„Tajemnice Umysłu”
-Jestem normalna… Na pewno jestem… Jestem tu tylko przez przypadek. Oni
na sto procent po mnie wrócą! Oni chcą, żebym się załamała, ale nie uda im się
to!– Słychać jej głośny szept. Histeryczny i zachrypły od wcześniejszego
krzyku. Środki uspakajające zaczynały już działać, lecz nie na długo. Pacjentka
nie krzątała się po pokoju i nie szukała sposobów na wydostanie się z ośrodka
leczenia chorych umysłowo.- Oni chcą mi wmówić, że jestem chora. Ja po prostu
nad nimi góruję! Boją się mnie!- Słychać jej szaleńczy chichot, który odbija
się echem po prawie pustym pokoju.- Jeszcze wrócę na wolność, nie możecie mnie
trzymać tu wiecznie.
Ściany są kremowe, okna zakratowane. Pojedyncze łóżko stojące w kącie.
Mała szafka nocna z lampką. Pokój wypełniał półmrok. Za oknami już zmierzchało.
Dziewczyna siedziała dalej na parapecie. Kolana miała podwinięte pod brodę.
Bujała się w te i we w tę. Oczy miała otwarte szeroko, były strasznie
przekrwione ich barwa dawno zdawała się blaknąć. Teraz były niemal
przezroczyste, co nadawało dziewczynie jeszcze bardziej złowrogiego wyglądu.
Jej ręce były pełne zadrapań. Krew zasychała już powoli. Paznokcie były
najbardziej w tej krwi ubabrane. Sama ta dziewczyna nie była świadoma, że się
kaleczy. Jedyne, co jej pozostało to pogodzić się ze swoim losem. Miała jedynie
18 lat, a ledwie tydzień temu trafiła do ośrodka dla obłąkanych.

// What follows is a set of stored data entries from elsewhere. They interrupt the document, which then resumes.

definition frame_potential2 :: "nat \<Rightarrow> cmat measure \<Rightarrow> real" where
  "frame_potential2 d \<mu> =
     (\<integral>p. (cmod (mtrace d (mmult d (madj d (fst p)) (snd p)))) ^ 4 \<partial>(\<mu> \<Otimes>\<^sub>M \<mu>))"

end

theory Submission
  imports Defs
begin

text \<open>Write U = diag(Q, V) and U' = diag(Q', V'). Then tr(U* U') = X + T, where
  X = sum_j exp(i(phi'_j - phi_j)) is a sum of N independent uniform phases and T = tr(V* V').
  By left invariance of the Haar measure, T is distributed like tr W for W Haar on U(m),
  m = d - N, and invariance under W |-> iW kills E T, E T^2 and E |T|^2 T, so that
  E |X + T|^4 = E |X|^4 + 4 E |X|^2 E |T|^2 + E |T|^4.
  Adding one phase at a time gives E |X|^2 = N and E |X|^4 = 2N^2 - N. For the Haar trace,
  E |tr W|^2 = min 1 m and E |tr W|^4 = min 2 m; the latter reduces to the Weingarten values
  E |W_0c|^4 = 2/(m(m+1)) and E |W_0c|^2 |W_1c'|^2 = 1/(m^2 - 1) for c \<noteq> c', which follow from
  invariance under row permutations, diagonal phases and a Hadamard rotation of the first two
  rows, together with the orthonormality of the columns.\<close>

lemma of_nat_add_one_neq_zero: "(of_nat n + 1 :: 'a::semiring_char_0) \<noteq> 0"
  by (metis of_nat_Suc of_nat_eq_0_iff add.commute nat.simps(3))

lemma real_le_two_power2: "real n \<le> 2 * real n ^ 2"
  by (cases n) (auto simp: power2_eq_square algebra_simps)

lemma sum_lessThan_2: "(\<Sum>x<2. g x) = g 0 + g (1::nat)"
  for g :: "nat \<Rightarrow> 'a::comm_monoid_add"
  by (simp add: numeral_2_eq_2)

lemma sum_lessThan_add: "(\<Sum>i<N + k. f i) = (\<Sum>i<N. f i) + (\<Sum>a<k. f (N + a))"
  for f :: "nat \<Rightarrow> 'a::comm_monoid_add"
  by (induct k) (simp_all add: ac_simps)

lemma double_sum_diag_offdiag:
  "(\<Sum>a<m. \<Sum>b<m. if a = b then X else Y) = of_nat m * X + of_nat m * (of_nat m - 1) * Y"
  for X Y :: "'a::comm_ring_1"
proof -
  have "(\<Sum>b<m. if a = b then X else Y) = X + (of_nat m - 1) * Y" if "a < m" for a
  proof -
    have "(\<Sum>b<m. if a = b then X else Y) = X + (\<Sum>b\<in>{..<m} - {a}. if a = b then X else Y)"
      using that by (subst sum.remove[of _ a]) auto
    also have "(\<Sum>b\<in>{..<m} - {a}. if a = b then X else Y) = (\<Sum>b\<in>{..<m} - {a}. Y)"
      by (rule sum.cong) auto
    finally show ?thesis using that by simp
  qed
  then have "(\<Sum>a<m. \<Sum>b<m. if a = b then X else Y) = (\<Sum>a<m. X + (of_nat m - 1) * Y)"
    by (intro sum.cong) auto
  then show ?thesis by (simp add: algebra_simps)
qed

lemma double_sum_pair:
  fixes X :: "'a::comm_semiring_1" and i j m :: nat
  assumes "i < m" "j < m"
  shows "(\<Sum>k<m. \<Sum>l<m. if (k = i \<and> l = j) \<or> (k = j \<and> l = i) then X else 0)
       = (if i = j then X else 2 * X)"
proof -
  have "(\<Sum>l<m. if (k = i \<and> l = j) \<or> (k = j \<and> l = i) then X else 0)
      = (if k = i then X else 0) + (if k = j \<and> i \<noteq> j then X else 0)" for k
  proof -
    have "(\<Sum>l<m. if (k = i \<and> l = j) \<or> (k = j \<and> l = i) then X else 0)
        = (\<Sum>l<m. (if l = j then (if k = i then X else 0) else 0)
                 + (if l = i then (if k = j \<and> i \<noteq> j then X else 0) else 0))"
      by (rule sum.cong) auto
    also have "\<dots> = (if k = i then X else 0) + (if k = j \<and> i \<noteq> j then X else 0)"
      using assms by (simp add: sum.distrib)
    finally show ?thesis .
  qed
  then show ?thesis using assms by (simp add: sum.distrib mult_2)
qed

lemma borel_measurable_cnj [measurable (raw)]:
  "f \<in> borel_measurable M \<Longrightarrow> (\<lambda>x. cnj (f x)) \<in> borel_measurable M"
  by (rule borel_measurable_continuous_on[where f=cnj])
    (auto intro: linear_continuous_on bounded_linear_cnj)

lemma measurable_matspace_entry [measurable]: "(\<lambda>V. V i j) \<in> borel_measurable matspace"
proof -
  have "(\<lambda>V::cmat. V i) \<in> measurable (PiM UNIV (\<lambda>_. PiM UNIV (\<lambda>_. borel))) (PiM UNIV (\<lambda>_. borel))"
    by (rule measurable_component_singleton) simp
  moreover have "(\<lambda>v::nat\<Rightarrow>complex. v j) \<in> measurable (PiM UNIV (\<lambda>_. borel)) borel"
    by (rule measurable_component_singleton) simp
  ultimately show ?thesis unfolding matspace_def by (rule measurable_compose)
qed

lemma measurable_matspaceI:
  assumes "\<And>i j. (\<lambda>x. f x i j) \<in> borel_measurable M"
  shows "f \<in> measurable M matspace"
proof -
  have "(\<lambda>x i. (\<lambda>x j. f x i j) x) \<in> measurable M (PiM UNIV (\<lambda>_. PiM UNIV (\<lambda>_. borel)))"
    by (intro measurable_PiM_single') (use assms in \<open>auto simp: space_PiM PiE_def extensional_def\<close>)
  then show ?thesis unfolding matspace_def by simp
qed

lemma space_matspace: "space matspace = UNIV"
  by (auto simp: matspace_def space_PiM PiE_def extensional_def)

lemma measurable_mmult: "mmult m W \<in> measurable matspace matspace"
proof (rule measurable_matspaceI)
  fix i j
  have "(\<lambda>V. mmult m W V i j) = (\<lambda>V. if i < m \<and> j < m then \<Sum>k<m. W i k * V k j else 0)"
    by (simp add: mmult_def)
  then show "(\<lambda>V. mmult m W V i j) \<in> borel_measurable matspace" by simp
qed

lemma measurable_mtrace [measurable]: "mtrace m \<in> borel_measurable matspace"
  unfolding mtrace_def[abs_def] by measurable

lemma mmult_assoc: "mmult m A (mmult m B C) = mmult m (mmult m A B) C"
proof (intro ext)
  fix i j
  show "mmult m A (mmult m B C) i j = mmult m (mmult m A B) C i j"
  proof (cases "i < m \<and> j < m")
    case True
    have "(\<Sum>k<m. A i k * mmult m B C k j) = (\<Sum>k<m. \<Sum>l<m. A i k * B k l * C l j)"
      by (rule sum.cong) (auto simp: mmult_def True sum_distrib_left mult.assoc)
    also have "\<dots> = (\<Sum>l<m. \<Sum>k<m. A i k * B k l * C l j)" by (rule sum.swap)
    also have "\<dots> = (\<Sum>l<m. mmult m A B i l * C l j)"
      by (rule sum.cong) (auto simp: mmult_def True sum_distrib_right)
    finally show ?thesis using True by (simp add: mmult_def)
  qed (auto simp: mmult_def)
qed

lemma mtrace_mmult_mone: "mtrace m (mmult m (mone m) W) = mtrace m W"
proof -
  have "mmult m (mone m) W i i = W i i" if "i < m" for i
  proof -
    have "(\<Sum>k<m. mone m i k * W k i) = (\<Sum>k<m. if k = i then W k i else 0)"
      by (rule sum.cong) (auto simp: mone_def)
    then show ?thesis using that by (simp add: mmult_def)
  qed
  then show ?thesis by (simp add: mtrace_def)
qed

Kiedyś
uchodziła za wzór do naśladowania, teraz jej właśni rodzice nie odwiedzają
córki.
-Boicie się mnie! Czuję wasz
strach!- Krzyczy. Środki tracą swoja moc. W przypadku tej dziewczyny, leki
przestawały działać bardzo szybko.- Wiecie, że mnie nie pokonacie, dlatego mnie
tu zamknęliście, ale ja się stąd wydostanę! Będziecie mnie jeszcze błagać o
wybaczenie! To tylko kwestia czasu!
Za drzwiami stoi pielęgniarka wraz z
lekarzem. Obawiają się tak krótkiego działania leków. Dziewczyna miała rację.
Oni się jej obawiają.
-Panie doktorze. Nie możemy dać
jej większej dawki.- Pielęgniarka jest przejęta. Na twarzy doktora gości
głęboka trwoga.
-Musimy coś z tym zrobić.- Doktor
nie raz na swoich nocnych dyżurach słyszał jak dziewczyna śmieje się opętańczo,
mówi do siebie. Najbardziej martwiło, do, że nie potrafił jej ujarzmić. Radził
już sobie z wieloma przypadkami, ale nie spotkał jeszcze tak opornego.
-Następna dawka leku może
pogorszyć sprawę… Może nawet ją zabić.- Pielęgniarka, mimo, że nie przepadała
za tą dziewczyną nie chciała jej śmierci. Anastazja już nie raz ją zaczepiała,
kiedy ta wchodziła do jej pokoju. Zadawała masę pytań. Najczęściej niezręcznych
dotyczących rodziny Karoliny. Ale jako pielęgniarkę nauczono ją, żeby nie
dawała się podejść. Takie osoby są nie przewidywalne. Mogą tylko odwracać naszą
uwagę. Karolina nie była wiele starsza od Anastazji. Dzieliło je tylko 3 lata,
dlatego też odczuwała większe współczucie. Była tak młoda, a nie mogła żyć
normalnie. Doktor uważał, że objawy musiała sama przed sobą maskować. Niestety,
kiedy już zrozumiała, że stanowi zagrożenie po zaatakowaniu swojej młodszej
siostry, pięcioletniej Eli, było już za późno. Dziewczynka do dzisiejszego dnia
walczy o życie, po tym jak siostra prawie ją udusiła oparami gazu z kuchenki.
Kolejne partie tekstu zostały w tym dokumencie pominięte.